The open text comes to mind when I first look at the works in Eva Conrad’s earlier solo exhibition, if the grid repeats, at Bunker Projects. My perception is made childish and guileless. Pieces that appear heavy are actually hollow, something that ceramicists experientially know (it would take forever to fire a large solid piece). Objects that appear flat hide another dimension, what Conrad referred to, in my conversation with her, as “dimensional deception.”
Conrad’s works are all bereft of a title. Like many of her other pieces, this black and white ceramic, the pattern like a net, can’t be seen in completion from any one angle. Instead, you have to arch your head, extend your neck, and even then, it eludes, resisting legibility. Though hollow, its four limbs anchor it to the ground like a body with gravity.
The grid repeats throughout the exhibit, like a net that catches you when you fall, or a net that ensnares you like prey. In one mixed media painting, the grid appears to be actual netting, of varying size gaps, resembling the kind citrus fruits are sold in. The netting is overlaid onto the painting, over a checkerboard pattern that is painted. The layers warp the plane, creasing as if in movement.
In a ceramic vessel that is strung up to a wall horizontally, the net’s “strings” are also clay, concaving into the vessel. It is an object that lets us look inside: the decision to suspend it by threading a rope through the “handles” allows us to peer into the vessel at eye level, through the net. The pieces build on each other, an internal vocabulary you learn over time.
Inspired by “Dazzle” or “Razzle Dazzle” ship camouflage, a wartime technology invented during World War II, this piece wiggles and warps the space around it. Dazzle camouflage historically aspired to not conceal the object but rather “dazzle” the viewer, causing the enemy to take up a poor firing position. In the installation, Conrad has the piece rotating on a table, the movement drawing the viewer in.
It is clear from the way this piece draws you in that objects are not so guileless. There is a cunning behind each object, even a seductiveness in their demand to be perceived. And the more you look, the more dazzled you are. To be dazzled is to be disoriented, not just by an object’s place in space but your own body in space. With its spindly arms rotating, blending and disrupting the body of the piece, the object has its own choreography, refusing singularity.
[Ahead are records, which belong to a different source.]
lemma bij_state_map: "bij_betw state_map (states A1) (states A2)"
proof (rule bij_betw_imageI)
  show "inj_on state_map (states A1)"
  proof (rule inj_onI)
    fix p q assume "p \<in> states A1" "q \<in> states A1" "state_map p = state_map q"
    then have "f (St p) = f (St q)" "St p \<in> A1.V" "St q \<in> A1.V" by (simp_all add: f_St)
    then show "p = q" using f_bij by (auto simp: bij_betw_def dest: inj_onD)
  qed
  show "state_map ` states A1 = states A2"
  proof (intro equalityI subsetI)
    fix q' assume "q' \<in> states A2"
    then obtain v where v: "v \<in> A1.V" "f v = St q'"
      using f_surj[of "St q'"] by auto
    then obtain q where "v = St q" using f_St_iff by blast
    with v show "q' \<in> state_map ` states A1" using f_St by force
  qed (auto simp: state_map_in_states)
qed

lemma state_cnt_state_map: "q \<in> states A1 \<Longrightarrow> state_cnt k A2 (state_map q) = state_cnt k A1 q"
  using G.loop_successor_degrees_eq[of "St q"] A1.loop_successor_degrees_St[of q]
    A2.loop_successor_degrees_St[OF state_map_in_states] f_St
  by (cases "state_cnt k A1 q = 0"; cases "state_cnt k A2 (state_map q) = 0") auto

lemma f_Tr: "(p, a, q) \<in> trans A1 \<Longrightarrow> f (Tr (p, a, q)) = Tr (state_map p, a, state_map q)"
proof -
  assume t: "(p, a, q) \<in> trans A1"
  then have pq: "p \<in> states A1" "q \<in> states A1" using A1.trans_states by auto
  obtain t' where t': "f (Tr (p, a, q)) = Tr t'" using f_Tr_iff[of "Tr (p, a, q)"] t by auto
  then have "t' \<in> trans A2" using f_in_V[of "Tr (p, a, q)"] t by simp
  have "nfa_edge h k A2 (St (state_map p)) (Tr t')" "nfa_edge h k A2 (Tr t') (St (state_map q))"
    using f_edge_iff[of "St p" "Tr (p, a, q)"] f_edge_iff[of "Tr (p, a, q)" "St q"] t pq t' f_St
    by auto
  moreover have "h (lbl t') = h a"
    using G.loop_successor_degrees_eq[of "Tr (p, a, q)"] t t' \<open>t' \<in> trans A2\<close>
    by (simp add: A1.loop_successor_degrees_Tr A2.loop_successor_degrees_Tr lbl_def)
  then have "lbl t' = a"
    using h_inj A1.lbl_in_Sig[OF t] A2.lbl_in_Sig[OF \<open>t' \<in> trans A2\<close>]
    by (auto simp: lbl_def inj_on_def)
  ultimately show ?thesis
    using t' by (cases t') (auto simp: lbl_def)
qed

lemma trans_iff:
  assumes pq: "p \<in> states A1" "q \<in> states A1"
  shows "(p, a, q) \<in> trans A1 \<longleftrightarrow> (state_map p, a, state_map q) \<in> trans A2"
proof
  assume "(p, a, q) \<in> trans A1"
  then show "(state_map p, a, state_map q) \<in> trans A2"
    using f_in_V[of "Tr (p, a, q)"] f_Tr by auto
next
  assume t': "(state_map p, a, state_map q) \<in> trans A2"
  then obtain v where v: "v \<in> A1.V" "f v = Tr (state_map p, a, state_map q)"
    using f_surj[of "Tr (state_map p, a, state_map q)"] by auto
  then obtain p1 a1 q1 where v_eq: "v = Tr (p1, a1, q1)"
    using f_Tr_iff[of v] by (metis prod_cases3)
  with v have t: "(p1, a1, q1) \<in> trans A1" by simp
  then have "state_map p1 = state_map p" "a1 = a" "state_map q1 = state_map q"
    using v v_eq f_Tr by auto
  moreover have "p1 \<in> states A1" "q1 \<in> states A1" using A1.trans_states[OF t] by auto
  ultimately have "p1 = p" "q1 = q"
    using bij_state_map pq by (auto simp: bij_betw_def dest: inj_onD)
  with t \<open>a1 = a\<close> show "(p, a, q) \<in> trans A1" by simp
qed

lemma automata_isomorphic: "nfa_iso A1 A2"
proof -
  have "state_map ` init A1 = init A2"
  proof (rule image_eq_if_bij_betw_mem_iff[OF bij_state_map])
    show "state_map q \<in> init A2 \<longleftrightarrow> q \<in> init A1" if "q \<in> states A1" for q
      using state_cnt_state_map[OF that] by (simp add: init_iff_state_cnt[where k = k])
  qed (use A1.init_fin_states A2.init_fin_states in auto)
  moreover have "state_map ` fin A1 = fin A2"
  proof (rule image_eq_if_bij_betw_mem_iff[OF bij_state_map])
    show "state_map q \<in> fin A2 \<longleftrightarrow> q \<in> fin A1" if "q \<in> states A1" for q
      using state_cnt_state_map[OF that] by (simp add: fin_iff_state_cnt[where k = k])
  qed (use A1.init_fin_states A2.init_fin_states in auto)
  ultimately show ?thesis
    unfolding nfa_iso_def using bij_state_map trans_iff by blast
qed
(* Let $V$ be a vector space of countably infinite dimension over a field $\mathbb{F}$, and let $u$ be an endomorphism of $V$ with no dominant eigenvalue such that $V^u$ is a torsion $\mathbb{F}[t]$-module. Then $V^u$ has a good stratification.
   Context: A scalar $\lambda$ is a dominant eigenvalue of $u$ if $\operatorname{rk}(u-\lambda\,\mathrm{id}_V)<\dim V$. $V^u$ is the $\mathbb{F}[t]$-module with underlying space $V$ and $t\cdot x:=u(x)$. A stratification of a non-zero $\mathbb{F}[t]$-module $M$ is an increasing family $(M_\alpha)_{\alpha\in D}$ of submodules indexed by a well-ordered set $D$ such that each quotient $M_\alpha/\sum_{\beta<\alpha}M_\beta$ is non-zero and monogenous (cyclic), and $M=\sum_{\alpha\in D}M_\alpha$; its dimension sequence is $n_\alpha:=\dim_{\mathbb{F}}(M_\alpha/\sum_{\beta<\alpha}M_\beta)\in\mathbb{N}^*\cup\{+\infty\}$. It is good if (a) $n_\alpha\ge 2$ whenever $\alpha$ is the minimum of $D$ or the successor of some element of $D$, and (b) $D$ has no maximum. *)

theory Defs
  imports Main "HOL-Library.Countable_Set" "HOL-Computational_Algebra.Polynomial"
begin

text \<open>Throughout, the vector space V is the whole type 'b, with scalar
multiplication scale over the field 'a; u is an endomorphism of V.\<close>

definition poly_endo :: "('a::field \<Rightarrow> 'b::ab_group_add \<Rightarrow> 'b) \<Rightarrow> ('b \<Rightarrow> 'b) \<Rightarrow> 'a poly \<Rightarrow> 'b \<Rightarrow> 'b" where
  "poly_endo scale u p x = (\<Sum>i\<le>degree p. scale (coeff p i) ((u ^^ i) x))"

text \<open>Dominant eigenvalue: rk(u - c id) < dim V, ranks/dimensions being
cardinals (cardinalities of bases).\<close>
definition dominant_eigenvalue :: "('a::field \<Rightarrow> 'b::ab_group_add \<Rightarrow> 'b) \<Rightarrow> ('b \<Rightarrow> 'b) \<Rightarrow> 'a \<Rightarrow> bool" where
  "dominant_eigenvalue scale u c \<longleftrightarrow>
     (\<exists>B C. \<not> module.dependent scale B
          \<and> module.span scale B = range (\<lambda>x. u x - scale c x)
          \<and> \<not> module.dependent scale C \<and> module.span scale C = UNIV
          \<and> (card_of B, card_of C) \<in> ordLess)"

text \<open>F[t]-submodules of V^u: u-stable linear subspaces.\<close>
definition fsubmodule :: "('a::field \<Rightarrow> 'b::ab_group_add \<Rightarrow> 'b) \<Rightarrow> ('b \<Rightarrow> 'b) \<Rightarrow> 'b set \<Rightarrow> bool" where
  "fsubmodule scale u S \<longleftrightarrow> module.subspace scale S \<and> u ` S \<subseteq> S"

text \<open>dim_F (M / N) \<ge> k  (k possibly reached only by an infinite dimension):
there are k elements of M linearly independent modulo N.\<close>
definition quot_dim_ge :: "('a::field \<Rightarrow> 'b::ab_group_add \<Rightarrow> 'b) \<Rightarrow> 'b set \<Rightarrow> 'b set \<Rightarrow> nat \<Rightarrow> bool" where
  "quot_dim_ge scale M N k \<longleftrightarrow>
     (\<exists>S. S \<subseteq> M \<and> finite S \<and> card S = k \<and>
        (\<forall>c. (\<Sum>x\<in>S. scale (c x) x) \<in> N \<longrightarrow> (\<forall>x\<in>S. c x = 0)))"

text \<open>Index set D = Field r with well-order r; the strict order is r minus the diagonal.
below r M a = sum of the M b for b < a (the span of their union; {0} if there is none).\<close>
definition below :: "('a::field \<Rightarrow> 'b::ab_group_add \<Rightarrow> 'b) \<Rightarrow> 'i rel \<Rightarrow> ('i \<Rightarrow> 'b set) \<Rightarrow> 'i \<Rightarrow> 'b set" where
  "below scale r M a = module.span scale (\<Union>b\<in>{b. (b, a) \<in> r \<and> b \<noteq> a}. M b)"

definition stratification :: "('a::field \<Rightarrow> 'b::ab_group_add \<Rightarrow> 'b) \<Rightarrow> ('b \<Rightarrow> 'b) \<Rightarrow> 'i rel \<Rightarrow> ('i \<Rightarrow> 'b set) \<Rightarrow> bool" where
  "stratification scale u r M \<longleftrightarrow>
     Well_order r
   \<and> (\<forall>a\<in>Field r. fsubmodule scale u (M a))
   \<and> (\<forall>a\<in>Field r. \<forall>b\<in>Field r. (b, a) \<in> r \<longrightarrow> M b \<subseteq> M a)
   \<and> (\<forall>a\<in>Field r. M a \<noteq> below scale r M a
        \<and> (\<exists>x\<in>M a. M a = {n + poly_endo scale u p x | n p. n \<in> below scale r M a}))
   \<and> module.span scale (\<Union>a\<in>Field r. M a) = UNIV"

definition is_min_idx :: "'i rel \<Rightarrow> 'i \<Rightarrow> bool" where
  "is_min_idx r a \<longleftrightarrow> a \<in> Field r \<and> (\<forall>b\<in>Field r. (a, b) \<in> r)"

definition is_succ_idx :: "'i rel \<Rightarrow> 'i \<Rightarrow> bool" where
  "is_succ_idx r a \<longleftrightarrow> a \<in> Field r \<and> (\<exists>b\<in>Field r. b \<noteq> a \<and> (b, a) \<in> r \<and>
      \<not> (\<exists>c\<in>Field r. c \<noteq> a \<and> c \<noteq> b \<and> (b, c) \<in> r \<and> (c, a) \<in> r))"

definition good_stratification :: "('a::field \<Rightarrow> 'b::ab_group_add \<Rightarrow> 'b) \<Rightarrow> ('b \<Rightarrow> 'b) \<Rightarrow> 'i rel \<Rightarrow> ('i \<Rightarrow> 'b set) \<Rightarrow> bool" where
  "good_stratification scale u r M \<longleftrightarrow>
     stratification scale u r M
   \<and> (\<forall>a\<in>Field r. (is_min_idx r a \<or> is_succ_idx r a) \<longrightarrow> quot_dim_ge scale (M a) (below scale r M a) 2)
   \<and> \<not> (\<exists>a\<in>Field r. \<forall>b\<in>Field r. (b, a) \<in> r)"

end

(* In a torsion module the cyclic quotients of a stratification are
   finite-dimensional, so the quotient generated by x has dimension at least 2 exactly when x and
   u x are independent modulo the submodule below it.  Enumerating a countable basis, we adjoin
   generators one at a time so that every basis vector is eventually reached.

   If (u - c)^2 has infinite rank for every c, an omega-indexed chain works: modulo a
   finite-dimensional submodule M, a vector e outside M is reached by adjoining at most two
   generators, each independent from its image modulo what precedes.  If u e is not a multiple of
   e modulo M, e itself will do.  Otherwise (u - c) e is in M; then e + y works for any y outside
   M killed modulo M by a polynomial coprime to t - c, and if there is no such y (V/M is
   (t - c)-primary), pick z with (u - c)^2 z outside M and adjoin z, or e + (u - c) z and then z.

   If the range K of (u - c)^2 is finite-dimensional for some c, the chain is indexed by omega^2,
   and the basis vectors are placed at the limit indices (k, 0), where no condition is imposed.
   In block k, over the submodule S built so far (containing K, and modulo which T = u - c still
   has infinite rank), choose y 0, y 1, ... with T (y n) outside the span of S and the earlier
   y i, T (y i).  These spans are submodules since T^2 maps into K, and y n, u y n are independent
   modulo them.  The block uses only the even-indexed y n: the odd-indexed T (y n) keep T of
   infinite rank modulo the whole block, so that the next block can start. *)

theory Submission
  imports Defs "HOL-Library.Product_Lexorder"
begin

lemma well_order_pullback:
  fixes f :: "nat \<Rightarrow> 'c::wellorder"
  assumes "inj f"
  shows "Well_order {(m, n). f m \<le> f n}" and "Field {(m, n). f m \<le> f n} = UNIV"
proof -
  let ?r = "{(m, n). f m \<le> f n}"
  show F: "Field ?r = UNIV" unfolding Field_def by auto
  have "?r - Id = inv_image {(x, y). x < y} f"
    using assms by (auto simp: inv_image_def inj_eq order.strict_iff_order dest: injD)
  then have "wf (?r - Id)" by (simp add: wf)
  moreover have "linear_order ?r"
    unfolding linear_order_on_def partial_order_on_def preorder_on_def refl_on_def trans_def
      antisym_def total_on_def F
    using assms by (auto simp: inj_eq dest: injD)
  ultimately show "Well_order ?r" unfolding well_order_on_def by (simp add: F)
qed

lemma lex_pair_limit:
  fixes k :: nat
  assumes "k \<noteq> 0"
  shows "\<not> (\<forall>q. (k, 0) \<le> q)" and "\<not> (\<exists>q < (k, 0). \<forall>s. \<not> (q < s \<and> s < (k, 0 :: nat)))"
proof -
  show "\<not> (\<forall>q. (k, 0) \<le> q)" using assms by (auto dest: spec[of _ "(0, 0)"])
  show "\<not> (\<exists>q < (k, 0). \<forall>s. \<not> (q < s \<and> s < (k, 0 :: nat)))"
  proof
    assume "\<exists>q < (k, 0). \<forall>s. \<not> (q < s \<and> s < (k, 0 :: nat))"
    then obtain i j where "(i, j) < (k, 0 :: nat)" "\<forall>s. \<not> ((i, j) < s \<and> s < (k, 0 :: nat))"
      by auto
    then show False by (auto dest: spec[of _ "(i, Suc j)"])
  qed
qed
lemma coeff_frename_involution:
  fixes p :: "'c::comm_ring_1 fpoly"
  assumes "\<And>x. \<rho> (\<rho> x) = x"
  shows "coeff (frename \<rho> p) v = coeff p (map \<rho> v)"
proof -
  have "map \<rho> w = v \<longleftrightarrow> w = map \<rho> v" for w
    using assms by (auto simp: comp_def map_idI)
  then have "coeff p w * coeff (fprod_list (map (\<lambda>i. fvar (\<rho> i)) w)) v =
      (if w = map \<rho> v then coeff p w else 0)" for w
    by (simp add: fprod_list_map_fvar[of "map \<rho> w", unfolded map_map comp_def] lookup_single when_def)
  then show ?thesis
    by (simp add: frename_def coeff_fsubst in_keys_iff)
qed

lemma Cap_eq_sum_single:
  "Cap m = (\<Sum>\<pi>\<in>{\<pi>. \<pi> permutes {..<m}}.
      Poly_Mapping.single (concat (map (\<lambda>i. [\<pi> i, m + i]) [0..<m])) (of_int (sign \<pi>)))"
proof -
  have "fprod_list (concat (map (\<lambda>i. [fvar (\<pi> i), fvar (m + i)]) [0..<m])) =
      Poly_Mapping.single (concat (map (\<lambda>i. [\<pi> i, m + i]) [0..<m])) (1::'a::comm_ring_1)" for \<pi>
    using fprod_list_map_fvar[of "concat (map (\<lambda>i. [\<pi> i, m + i]) [0..<m])"] by (simp add: map_concat comp_def)
  then show ?thesis
    by (simp add: Cap_def fconst_def fmul_single_single)
qed

lemma Tideal_sum: "finite I \<Longrightarrow> (\<And>i. i \<in> I \<Longrightarrow> a i \<in> Tideal S) \<Longrightarrow> sum a I \<in> Tideal S"
  by (induction I rule: finite_induct) (auto intro: Tideal.zero Tideal.add)


definition alternating_on :: "nat set \<Rightarrow> (nat list \<Rightarrow> 'a::ring_1) \<Rightarrow> bool" where
  "alternating_on A c \<longleftrightarrow>
     (\<forall>a\<in>A. \<forall>b\<in>A. a \<noteq> b \<longrightarrow> (\<forall>v. c (map (Transposition.transpose a b) v) = - c v))"

definition multilinear_on :: "nat set \<Rightarrow> 'c::comm_ring_1 fpoly \<Rightarrow> bool" where
  "multilinear_on A p \<longleftrightarrow> (\<forall>v\<in>support p. \<forall>z\<in>A. count_list v z = 1)"

lemma alternating_on_subset: "alternating_on A c \<Longrightarrow> B \<subseteq> A \<Longrightarrow> alternating_on B c"
  by (auto simp: alternating_on_def)

lemma multilinear_on_subset: "multilinear_on A p \<Longrightarrow> B \<subseteq> A \<Longrightarrow> multilinear_on B p"
  by (auto simp: multilinear_on_def)

lemma alternating_on_permutes:
  assumes "alternating_on A c" "finite A" "p permutes A"
  shows "c (map p v) = of_int (sign p) * c v"
  using assms(3,2)
proof (induction arbitrary: v rule: permutes_induct)
  case id
  then show ?case by simp
next
  case (swap a b p)
  have "sign (Transposition.transpose a b \<circ> p) = - sign p"
    using swap permutes_imp_permutation[OF \<open>finite A\<close>]
    by (simp add: sign_compose permutation_swap_id sign_swap_id)
  moreover have "c (map (Transposition.transpose a b \<circ> p) v) = - c (map p v)"
    using assms(1) swap(1-3) unfolding alternating_on_def by (metis map_map)
  ultimately show ?case
    using swap.IH by (metis mult_minus_left of_int_minus)
qed

lemma distinct_filter_count_list:
  "(\<And>x. P x \<Longrightarrow> count_list xs x \<le> 1) \<Longrightarrow> distinct (filter P xs)"
proof (induction xs)
  case (Cons a xs)
  have "count_list xs x \<le> count_list (a # xs) x" for x
    by simp
  then have "distinct (filter P xs)"
    by (meson Cons.IH Cons.prems order_trans)
  moreover have "a \<notin> set xs" if "P a"
    using Cons.prems[OF that] by (simp add: count_list_0_iff)
  ultimately show ?case by simp
qed simp

section \<open>Interleaved words and instances of the Capelli polynomial\<close>

text \<open>\<open>interleave F us \<pi> = F\<^bsub>\<pi> 0\<^esub> u\<^sub>0 F\<^bsub>\<pi> 1\<^esub> u\<^sub>1 \<dots>\<close> is the image of the monomial of
  \<open>Cap\<close> indexed by \<open>\<pi>\<close> under the substitution \<open>x\<^sub>i \<mapsto> F\<^sub>i, y\<^sub>i \<mapsto> u\<^sub>i\<close>.\<close>
definition interleave :: "nat list \<Rightarrow> nat list list \<Rightarrow> (nat \<Rightarrow> nat) \<Rightarrow> nat list" where
  "interleave F us \<pi> = concat (map (\<lambda>i. F ! \<pi> i # us ! i) [0..<length F])"

lemma interleave_Cons_id:
  "length us = length F \<Longrightarrow> interleave (a # F) (u # us) id = a # u @ interleave F us id"
  by (simp add: interleave_def upt_conv_Cons comp_def map_Suc_upt[symmetric] del: upt_Suc)

lemma word_decomposition:
  "\<exists>w0 us. length us = length (filter P w) \<and> w = w0 @ interleave (filter P w) us id \<and>
     (\<forall>x\<in>set w0. \<not> P x) \<and> (\<forall>u\<in>set us. \<forall>x\<in>set u. \<not> P x)"
proof (induction w)
  case Nil
  show ?case by (intro exI[of _ "[]"]) (simp add: interleave_def)
next
  case (Cons a w)
  then obtain w0 us where IH: "length us = length (filter P w)" "w = w0 @ interleave (filter P w) us id"
    "\<forall>x\<in>set w0. \<not> P x" "\<forall>u\<in>set us. \<forall>x\<in>set u. \<not> P x"
    by blast
  show ?case
  proof (cases "P a")
    case True
    then have split: "interleave (filter P (a # w)) (w0 # us) id = a # w"
      using IH(1) by (simp add: interleave_Cons_id flip: IH(2))
    show ?thesis
      by (rule exI[of _ "[]"], rule exI[of _ "w0 # us"]) (use True IH(1,3,4) split in \<open>simp add: id_def\<close>)
  next
    case False
    show ?thesis
      by (rule exI[of _ "a # w0"], rule exI[of _ us]) (use False IH in \<open>simp add: id_def\<close>)
  qed
qed

locale interleaving =
  fixes w0 F :: "nat list" and us :: "nat list list"
  assumes distinct_F: "distinct F" and length_us: "length us = length F"
    and w0_free: "set w0 \<inter> set F = {}" and us_free: "\<forall>u\<in>set us. set u \<inter> set F = {}"
begin

definition word :: "(nat \<Rightarrow> nat) \<Rightarrow> nat list" where
  "word \<pi> = w0 @ interleave F us \<pi>"

abbreviation perms :: "(nat \<Rightarrow> nat) set" where
  "perms \<equiv> {\<pi>. \<pi> permutes {..<length F}}"

lemma permutes_less: "\<pi> permutes {..<length F} \<Longrightarrow> k < length F \<Longrightarrow> \<pi> k < length F"
  using permutes_in_image by fastforce

lemma map_transpose_word:
  assumes "i < length F" "j < length F" "\<pi> permutes {..<length F}"
  shows "map (Transposition.transpose (F ! i) (F ! j)) (word \<pi>) = word (Transposition.transpose i j \<circ> \<pi>)"
proof -
  let ?t = "Transposition.transpose (F ! i) (F ! j)"
  have fixed: "map ?t u = u" if "set u \<inter> set F = {}" for u
    using that assms(1,2) nth_mem by (intro map_idI) (fastforce simp: Transposition.transpose_def)
  have "map (\<lambda>k. map ?t (F ! \<pi> k # us ! k)) [0..<length F] =
      map (\<lambda>k. F ! Transposition.transpose i j (\<pi> k) # us ! k) [0..<length F]"
  proof (rule map_cong)
    fix k assume "k \<in> set [0..<length F]"
    then have k: "k < length F" by simp
    then have "?t (F ! \<pi> k) = F ! Transposition.transpose i j (\<pi> k)"
      using distinct_F assms permutes_less[OF assms(3) k]
      by (simp add: Transposition.transpose_def nth_eq_iff_index_eq)
    moreover have "map ?t (us ! k) = us ! k"
      using fixed us_free length_us k by (simp add: nth_mem)
    ultimately show "map ?t (F ! \<pi> k # us ! k) = F ! Transposition.transpose i j (\<pi> k) # us ! k"
      by simp
  qed simp
  then show ?thesis
    by (simp only: word_def interleave_def map_append map_concat map_map comp_def fixed[OF w0_free])
qed

lemma filter_word:
  assumes "\<pi> permutes {..<length F}"
  shows "filter (\<lambda>x. x \<in> set F) (word \<pi>) = map (\<lambda>k. F ! \<pi> k) [0..<length F]"
proof -
  have blocks: "map (\<lambda>k. filter (\<lambda>x. x \<in> set F) (F ! \<pi> k # us ! k)) [0..<length F] =
      map (\<lambda>k. [F ! \<pi> k]) [0..<length F]"
  proof (rule map_cong)
    fix k assume "k \<in> set [0..<length F]"
    then show "filter (\<lambda>x. x \<in> set F) (F ! \<pi> k # us ! k) = [F ! \<pi> k]"
      using us_free length_us permutes_less[OF assms]
      by (auto simp: filter_empty_conv dest: nth_mem)
  qed simp
  moreover have "filter (\<lambda>x. x \<in> set F) w0 = []"
    using w0_free by (auto simp: filter_empty_conv)
  ultimately show ?thesis
    by (simp only: word_def interleave_def filter_append filter_concat map_map comp_def
        append_Nil concat_map_singleton)
qed

lemma word_inj:
  assumes "\<pi> permutes {..<length F}" "\<pi>' permutes {..<length F}" "word \<pi> = word \<pi>'"
  shows "\<pi> = \<pi>'"
proof
  fix k
  show "\<pi> k = \<pi>' k"
  proof (cases "k < length F")
    case True
    have "map (\<lambda>k. F ! \<pi> k) [0..<length F] = map (\<lambda>k. F ! \<pi>' k) [0..<length F]"
      using filter_word[OF assms(1)] filter_word[OF assms(2)] assms(3) by simp
    then have "F ! \<pi> k = F ! \<pi>' k"
      using True by simp
    then show ?thesis
      using distinct_F True permutes_less[OF assms(1)] permutes_less[OF assms(2)]
      by (simp add: nth_eq_iff_index_eq)
  next
    case False
    then show ?thesis using assms(1,2) by (simp add: permutes_not_in)
  qed
qed

lemma alternating_on_word:
  assumes "alternating_on (set F) c" "\<pi> permutes {..<length F}"
  shows "c (word \<pi>) = of_int (sign \<pi>) * c (word id)"
  using assms(2) finite_lessThan
proof (induction rule: permutes_induct)
  case id
  then show ?case by simp
next
  case (swap i j p)
  have "sign (Transposition.transpose i j \<circ> p) = - sign p"
    using swap permutes_imp_permutation[OF finite_lessThan]
    by (simp add: sign_compose permutation_swap_id sign_swap_id)
  moreover have "F ! i \<noteq> F ! j"
    using swap(1-3) distinct_F by (simp add: nth_eq_iff_index_eq)
  then have "c (word (Transposition.transpose i j \<circ> p)) = - c (word p)"
    using assms(1) swap by (simp add: alternating_on_def flip: map_transpose_word)
  ultimately show ?case
    using swap.IH by (metis mult_minus_left of_int_minus)
qed

definition cap_instance :: "'a::comm_ring_1 fpoly" where
  "cap_instance = fmul (Poly_Mapping.single w0 1)
     (fsubst (\<lambda>j. Poly_Mapping.single (if j < length F then [F ! j] else us ! (j - length F)) 1)
       (Cap (length F)))"

lemma cap_instance_in_Tideal: "cap_instance \<in> Tideal {Cap (length F)}"
  unfolding cap_instance_def by (intro Tideal.lmul Tideal.subst Tideal.gen) simp

lemma coeff_cap_instance:
  "coeff cap_instance v = (\<Sum>\<pi>\<in>perms. of_int (sign \<pi>) * (1 when v = word \<pi>))"
proof -
  define g where "g j = (if j < length F then [F ! j] else us ! (j - length F))" for j
  define \<sigma> :: "nat \<Rightarrow> 'a fpoly" where "\<sigma> j = Poly_Mapping.single (g j) 1" for j
  have concat_pairs: "concat (map g (concat (map (\<lambda>i. [a i, b i]) xs))) = concat (map (\<lambda>i. g (a i) @ g (b i)) xs)"
    for a b :: "nat \<Rightarrow> nat" and xs
    by (induction xs) auto
  have image_monomial: "fprod_list (map \<sigma> (concat (map (\<lambda>i. [\<pi> i, length F + i]) [0..<length F]))) =
      Poly_Mapping.single (interleave F us \<pi>) 1" if "\<pi> \<in> perms" for \<pi>
    using permutes_less[of \<pi>] that
    unfolding \<sigma>_def[abs_def] fprod_list_singles concat_pairs interleave_def
    by (intro arg_cong[where f = "\<lambda>w. Poly_Mapping.single w 1"] arg_cong[where f = concat] map_cong)
      (auto simp: g_def)
  have "coeff (fsubst \<sigma> (Cap (length F))) u =
      (\<Sum>\<pi>\<in>perms. of_int (sign \<pi>) * (1 when interleave F us \<pi> = u))" for u
    unfolding coeff_fsubst Cap_eq_sum_single sum_coeff_sum_single[OF finite_permutations[OF finite_lessThan]]
    by (intro sum.cong refl) (simp only: mem_Collect_eq image_monomial lookup_single)
  moreover have "v = w0 @ x \<longleftrightarrow> take (length w0) v = w0 \<and> x = drop (length w0) v" for x
    by (metis append_eq_conv_conj)
  ultimately show ?thesis
    by (auto simp: cap_instance_def \<sigma>_def[abs_def] g_def coeff_fmul_single word_def when_def
        intro!: sum.neutral)
qed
Conrad’s work asks: “where does the body belong in the grid?” It is clear that Conrad’s work has the skill of embodied experience — making way for the kind of play that is only possible where there is both intuition and risk. Patterns are only used to be abandoned — you get used to one just long enough for it to be disrupted. Color takes on the qualities of the form that it coheres to: you can see the way the glaze melts into the nooks and crevices of the object. As gravity gradually pulled the color down, it diluted its boldness. It is there that you can also see time embedded in the object.
Above is another piece that has a robustness — yet is completely hollowed out. What strikes me most about this piece is the reappearance of the grid, in the indented square and rectangular grooves of the sphere. Because the object is hollow, this means that where there is concave, there is convex on the other side; where there is convex, there is concave.
Perhaps there is a riddle here! Or just an answer to something I want to understand about my body’s relationship to emotions. What about the emotional landscape allows us to experience emotions that feel so fundamentally dichotomous? Putting the body on a grid initially seems brusque, forceful, like mandating an adherence to a fixed system. But Conrad’s grid isn’t fixed. If anything, this piece shows how binaries make way for duality. This is how I understand my own ability to feel loneliness and connection, or alienation and belonging.
How the same part of me that is a convex is also a concave; how I am made hollow so that I can be rounded out. Conrad’s repeated grid, rather than unifying the exhibit, challenges any first reading. Sometimes you can look through the grid, sometimes the grid obfuscates. If the grid repeats, a meaning is set into motion.